When a line of the records below contains the string "most", copy that whole line.

PROVIDED RECORDS START

(* For any ideal marking $\mathcal I=(I_1,\dots,I_p)$ of $\mathbb D$, there are at most $p-2$ unordered pairs $\{m,n\}$ of non-adjacent indices with $\overline{\mathcal W}_{mn}>2$ (i.e. at most $p-2$ non-degenerate truncated quadrilaterals $\Pi_{mn}$).
   Context: An ideal marking of $\mathbb D$ of cardinality $p$ is a tiling of the unit circle into closed arcs $I_1,\dots,I_p$ in cyclic order, indices in $\mathbb Z/p\mathbb Z$; $m,n$ are adjacent if $|m-n|\le 1$ in $\mathbb Z/p\mathbb Z$. For non-adjacent $m,n$, $\overline{\mathcal W}_{mn}$ is the extremal width of the family of paths in $\mathbb D$ joining $I_m$ to $I_n$. When $\overline{\mathcal W}_{mn}>2$, $\Pi_{mn}$ is obtained from $\mathbb D$, uniformized as the rectangle $(0,\overline{\mathcal W}_{mn})\times(0,1)$ with $I_m$ at the bottom and $I_n$ at the top, by removing the two end unit squares. *)

theory Defs
  imports "HOL-Analysis.Analysis"
begin

text \<open>Indices 0..p-1 represent Z/pZ.\<close>

definition ideal_marking :: "nat \<Rightarrow> (nat \<Rightarrow> real) \<Rightarrow> bool" where
  "ideal_marking p \<theta> \<longleftrightarrow> p \<ge> 1 \<and> (\<forall>k<p. \<theta> k < \<theta> (Suc k)) \<and> \<theta> p = \<theta> 0 + 2 * pi"

definition marking_arc :: "(nat \<Rightarrow> real) \<Rightarrow> nat \<Rightarrow> complex set" where
  "marking_arc \<theta> k = (\<lambda>t. cis t) ` {\<theta> k .. \<theta> (Suc k)}"

definition adjacent_mod :: "nat \<Rightarrow> nat \<Rightarrow> nat \<Rightarrow> bool" where
  "adjacent_mod p m n \<longleftrightarrow> m = n \<or> Suc m mod p = n \<or> Suc n mod p = m"

definition joining_paths :: "complex set \<Rightarrow> complex set \<Rightarrow> (real \<Rightarrow> complex) set" where
  "joining_paths A B = {\<gamma>. valid_path \<gamma> \<and> \<gamma> 0 \<in> A \<and> \<gamma> 1 \<in> B \<and> \<gamma> ` {0<..<1} \<subseteq> ball 0 1}"

definition rho_length :: "(complex \<Rightarrow> real) \<Rightarrow> (real \<Rightarrow> complex) \<Rightarrow> ennreal" where
  "rho_length \<rho> \<gamma> = (\<integral>\<^sup>+ t\<in>{0..1}. ennreal (\<rho> (\<gamma> t) * norm (vector_derivative \<gamma> (at t))) \<partial>lborel)"

definition admissible_metric :: "(real \<Rightarrow> complex) set \<Rightarrow> (complex \<Rightarrow> real) \<Rightarrow> bool" where
  "admissible_metric \<Gamma> \<rho> \<longleftrightarrow> \<rho> \<in> borel_measurable borel \<and> (\<forall>z. \<rho> z \<ge> 0)
     \<and> (\<forall>\<gamma>\<in>\<Gamma>. rho_length \<rho> \<gamma> \<ge> 1)"

definition extremal_width :: "(real \<Rightarrow> complex) set \<Rightarrow> ennreal" where
  "extremal_width \<Gamma> = (INF \<rho>\<in>{\<rho>. admissible_metric \<Gamma> \<rho>}. \<integral>\<^sup>+ z. ennreal ((\<rho> z)\<^sup>2) \<partial>lborel)"

end

theory Submission
  imports Defs
begin

(* Let m < k < n < l and let \<mu> be the cross-ratio of the endpoints of I_m and I_n. A Moebius
   map sends the disc onto the upper half-plane, I_k into the closed unit disc and I_l outside
   the circle of radius R = 1 + 2\<mu> + 2 sqrt (\<mu>^2 + \<mu>); the metric |d log f| / log R supported on
   the half-annulus in between is admissible for the paths from I_k to I_l and has area
   pi / log R. This is at most 2 when \<mu> \<ge> 1, and the same argument applied to the rotated
   quadrilateral, whose cross-ratio is 1/\<mu>, bounds the width between I_m and I_n by 2 when
   \<mu> \<le> 1. Hence the pairs {m, n} with width > 2 form a non-crossing family of intervals
   [m, n] \<subseteq> [0, p - 1] of length at least 2, and such a family has at most p - 2 members. *)

section \<open>Area of the image of an injective holomorphic map\<close>

(* The change of variables theorem of HOL-Analysis is stated for real^'n, so complex
   maps are transported to real^2 along the isometry below. *)
definition vec_of_complex :: "complex \<Rightarrow> real^2" where
  "vec_of_complex z = (\<chi> i. if i = 1 then Re z else Im z)"

definition complex_of_vec :: "real^2 \<Rightarrow> complex" where
  "complex_of_vec v = Complex (v$1) (v$2)"

lemma vec_of_complex_nth [simp]: "vec_of_complex z $ 1 = Re z" "vec_of_complex z $ 2 = Im z"
  by (simp_all add: vec_of_complex_def)

lemma complex_of_vec_inverse [simp]: "complex_of_vec (vec_of_complex z) = z"
  by (simp add: complex_of_vec_def complex_eq_iff)

lemma vec_of_complex_inverse [simp]: "vec_of_complex (complex_of_vec v) = v"
  by (simp add: complex_of_vec_def vec_of_complex_def vec_eq_iff forall_2)

lemma bounded_linear_vec_of_complex: "bounded_linear vec_of_complex"
  by (auto simp: linear_iff vec_of_complex_def vec_eq_iff linear_conv_bounded_linear[symmetric])

lemma bounded_linear_complex_of_vec: "bounded_linear complex_of_vec"
  by (auto simp: linear_iff complex_of_vec_def complex_eq_iff linear_conv_bounded_linear[symmetric])

lemma prod_Basis_vec2: "(\<Prod>b\<in>(Basis::(real^2) set). f b) = f (axis 1 1) * f (axis 2 1)"
proof -
  have B: "(Basis::(real^2) set) = {axis 1 1, axis 2 1}"
    by (auto simp: Basis_vec_def UNIV_2)
  have "axis (1::2) (1::real) \<noteq> axis 2 1"
    by (simp add: axis_eq_axis)
  then show ?thesis unfolding B by simp
qed

lemma distr_lborel_complex_of_vec: "distr lborel borel complex_of_vec = (lborel :: complex measure)"
proof (rule lborel_eqI[symmetric])
  fix l u :: complex
  assume "\<And>b. b \<in> Basis \<Longrightarrow> l \<bullet> b \<le> u \<bullet> b"
  from this[of 1] this[of \<i>] have lu: "Re l \<le> Re u" "Im l \<le> Im u"
    by (simp_all add: Basis_complex_def)
  have "complex_of_vec -` box l u = box (vec_of_complex l) (vec_of_complex u)"
    by (auto simp: box_def Basis_vec_def Basis_complex_def complex_of_vec_def forall_2
        cart_eq_inner_axis[symmetric])
  then have "emeasure (distr lborel borel complex_of_vec) (box l u)
      = emeasure lborel (box (vec_of_complex l) (vec_of_complex u))"
    using bounded_linear_complex_of_vec
    by (simp add: emeasure_distr borel_measurable_continuous_onI linear_continuous_on)
  also have "\<dots> = (\<Prod>b\<in>Basis. (vec_of_complex u - vec_of_complex l) \<bullet> b)"
    by (rule emeasure_lborel_box) (use lu in \<open>auto simp: Basis_vec_def inner_axis vec_of_complex_def\<close>)
  also have "\<dots> = (\<Prod>b\<in>Basis. (u - l) \<bullet> b)"
    by (simp add: prod_Basis_vec2 inner_axis Basis_complex_def)
  finally show "emeasure (distr lborel borel complex_of_vec) (box l u) = (\<Prod>b\<in>Basis. (u - l) \<bullet> b)" .
qed simp

lemma det_matrix_complex_mult:
  "det (matrix (\<lambda>h. vec_of_complex (w * complex_of_vec h))) = (cmod w)\<^sup>2"
  using cmod_power2[of w]
  by (simp add: det_2 matrix_def vec_of_complex_def complex_of_vec_def axis_def power2_eq_square)

lemma complex_of_vec_borel [measurable]: "complex_of_vec \<in> borel_measurable borel"
  using bounded_linear_complex_of_vec by (intro borel_measurable_continuous_onI linear_continuous_on)

lemma nn_integral_lborel_complex_of_vec:
  assumes "f \<in> borel_measurable borel"
  shows "(\<integral>\<^sup>+z. f z \<partial>lborel) = (\<integral>\<^sup>+x. f (complex_of_vec x) \<partial>lborel)"
  using assms by (subst distr_lborel_complex_of_vec[symmetric]) (simp add: nn_integral_distr)

lemma emeasure_lborel_complex_of_vec:
  assumes "B \<in> sets borel"
  shows "emeasure lborel (complex_of_vec -` B) = emeasure lborel B"
proof -
  have "emeasure lborel B = emeasure (distr lborel borel complex_of_vec) B"
    by (simp add: distr_lborel_complex_of_vec)
  also have "\<dots> = emeasure lborel (complex_of_vec -` B)"
    using assms by (simp add: emeasure_distr)
  finally show ?thesis ..
qed

lemma has_derivative_vec_of_complex_comp:
  assumes "(\<Phi> has_field_derivative \<Phi>') (at (complex_of_vec x))"
  shows "((vec_of_complex \<circ> \<Phi> \<circ> complex_of_vec) has_derivative
           (\<lambda>h. vec_of_complex (\<Phi>' * complex_of_vec h))) (at x)"
proof -
  from diff_chain_at[OF bounded_linear_imp_has_derivative[OF bounded_linear_complex_of_vec]
      has_field_derivative_imp_has_derivative[OF assms]]
  have "((\<Phi> \<circ> complex_of_vec) has_derivative (\<lambda>h. \<Phi>' * complex_of_vec h)) (at x)"
    by (simp add: o_def)
  from diff_chain_at[OF this bounded_linear_imp_has_derivative[OF bounded_linear_vec_of_complex]]
  show ?thesis
    by (simp add: o_def)
qed

lemma nn_integral_cmod_deriv_square_le:
  fixes \<Phi> \<Phi>' :: "complex \<Rightarrow> complex"
  assumes U: "open U" and inj: "inj_on \<Phi> U"
    and der: "\<And>z. z \<in> U \<Longrightarrow> (\<Phi> has_field_derivative \<Phi>' z) (at z)"
    and cont: "continuous_on U \<Phi>'"
    and B: "\<Phi> ` U \<subseteq> B" "B \<in> sets borel"
  shows "(\<integral>\<^sup>+z. indicator U z * ennreal ((cmod (\<Phi>' z))\<^sup>2) \<partial>lborel) \<le> emeasure lborel B"
proof -
  define g where "g = vec_of_complex \<circ> \<Phi> \<circ> complex_of_vec"
  define S where "S = complex_of_vec -` U"
  have "open S"
    unfolding S_def using U bounded_linear_complex_of_vec
    by (intro continuous_open_vimage linear_continuous_at) auto
  then have S: "S \<in> sets lebesgue"
    by simp
  have g_der: "(g has_derivative (\<lambda>h. vec_of_complex (\<Phi>' (complex_of_vec x) * complex_of_vec h))) (at x within S)"
    if "x \<in> S" for x
    unfolding g_def using der that by (auto simp: S_def intro: has_derivative_at_withinI has_derivative_vec_of_complex_comp)
  have g_inj: "inj_on g S"
  proof (rule inj_onI)
    fix x y assume "x \<in> S" "y \<in> S" "g x = g y"
    then have "\<Phi> (complex_of_vec x) = \<Phi> (complex_of_vec y)"
      unfolding g_def by (metis comp_apply complex_of_vec_inverse)
    then have "complex_of_vec x = complex_of_vec y"
      using inj \<open>x \<in> S\<close> \<open>y \<in> S\<close> by (simp add: S_def inj_on_eq_iff)
    then show "x = y"
      by (metis vec_of_complex_inverse)
  qed
  have g_image: "g ` S \<subseteq> complex_of_vec -` B"
    using B(1) unfolding g_def S_def by auto
  have B': "complex_of_vec -` B \<in> sets lebesgue"
    using measurable_sets[OF complex_of_vec_borel B(2)] by simp
  have "(\<lambda>z. indicator U z * ennreal ((cmod (\<Phi>' z))\<^sup>2)) \<in> borel_measurable borel"
  proof -
    have "continuous_on U (\<lambda>z. (cmod (\<Phi>' z))\<^sup>2)"
      by (intro continuous_intros cont)
    from borel_measurable_continuous_on_indicator[OF _ this] U
    have "(\<lambda>z. ennreal (indicator U z * (cmod (\<Phi>' z))\<^sup>2)) \<in> borel_measurable borel"
      by simp
    then show ?thesis
      by (rule measurable_cong[THEN iffD1, rotated]) (auto simp: indicator_def)
  qed
  then have "(\<integral>\<^sup>+z. indicator U z * ennreal ((cmod (\<Phi>' z))\<^sup>2) \<partial>lborel)
      = (\<integral>\<^sup>+x. ennreal ((cmod (\<Phi>' (complex_of_vec x)))\<^sup>2) * indicator S x \<partial>lborel)"
    by (subst nn_integral_lborel_complex_of_vec) (auto simp: S_def indicator_def intro!: nn_integral_cong)
  also have "\<dots> \<le> emeasure lborel B"
  proof (cases "emeasure lborel B = \<infinity>")
    case False
    have B_leb: "emeasure lebesgue (complex_of_vec -` B) = emeasure lborel B"
      using measurable_sets[OF complex_of_vec_borel B(2)] emeasure_lborel_complex_of_vec[OF B(2)]
      by (simp add: emeasure_completion main_part_sets)
    with False B' have "complex_of_vec -` B \<in> lmeasurable"
      by (simp add: fmeasurableI less_top)
    moreover have "g ` S \<in> sets lebesgue"
      using g_der S by (intro differentiable_image_in_sets_lebesgue) (auto simp: differentiable_on_def differentiable_def)
    ultimately have "g ` S \<in> lmeasurable"
      by (rule fmeasurableI2[OF _ g_image])
    with has_measure_differentiable_image[OF S g_der g_inj]
    have "((\<lambda>x. \<bar>det (matrix (\<lambda>h. vec_of_complex (\<Phi>' (complex_of_vec x) * complex_of_vec h)))\<bar>)
        has_integral measure lebesgue (g ` S)) S"
      by blast
    then have "((\<lambda>x. (cmod (\<Phi>' (complex_of_vec x)))\<^sup>2) has_integral measure lebesgue (g ` S)) S"
      by (simp add: det_matrix_complex_mult)
    then have "(\<integral>\<^sup>+x. ennreal ((cmod (\<Phi>' (complex_of_vec x)))\<^sup>2) * indicator S x \<partial>lborel)
        = emeasure lebesgue (g ` S)"
      using \<open>g ` S \<in> lmeasurable\<close> by (simp add: nn_integral_has_integral_lebesgue' emeasure_eq_measure2)
    also have "\<dots> \<le> emeasure lebesgue (complex_of_vec -` B)"
      using g_image B' by (intro emeasure_mono) auto
    finally show ?thesis
      using B_leb by simp
  qed simp
  finally show ?thesis .
qed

PROVIDED RECORDS END

▸ OUTPUT OF THE EXERCISE:
(* For any ideal marking $\mathcal I=(I_1,\dots,I_p)$ of $\mathbb D$, there are at most $p-2$ unordered pairs $\{m,n\}$ of non-adjacent indices with $\overline{\mathcal W}_{mn}>2$ (i.e. at most $p-2$ non-degenerate truncated quadrilaterals $\Pi_{mn}$).
   pi / log R. This is at most 2 when \<mu> \<ge> 1, and the same argument applied to the rotated
   [m, n] \<subseteq> [0, p - 1] of length at least 2, and such a family has at most p - 2 members. *)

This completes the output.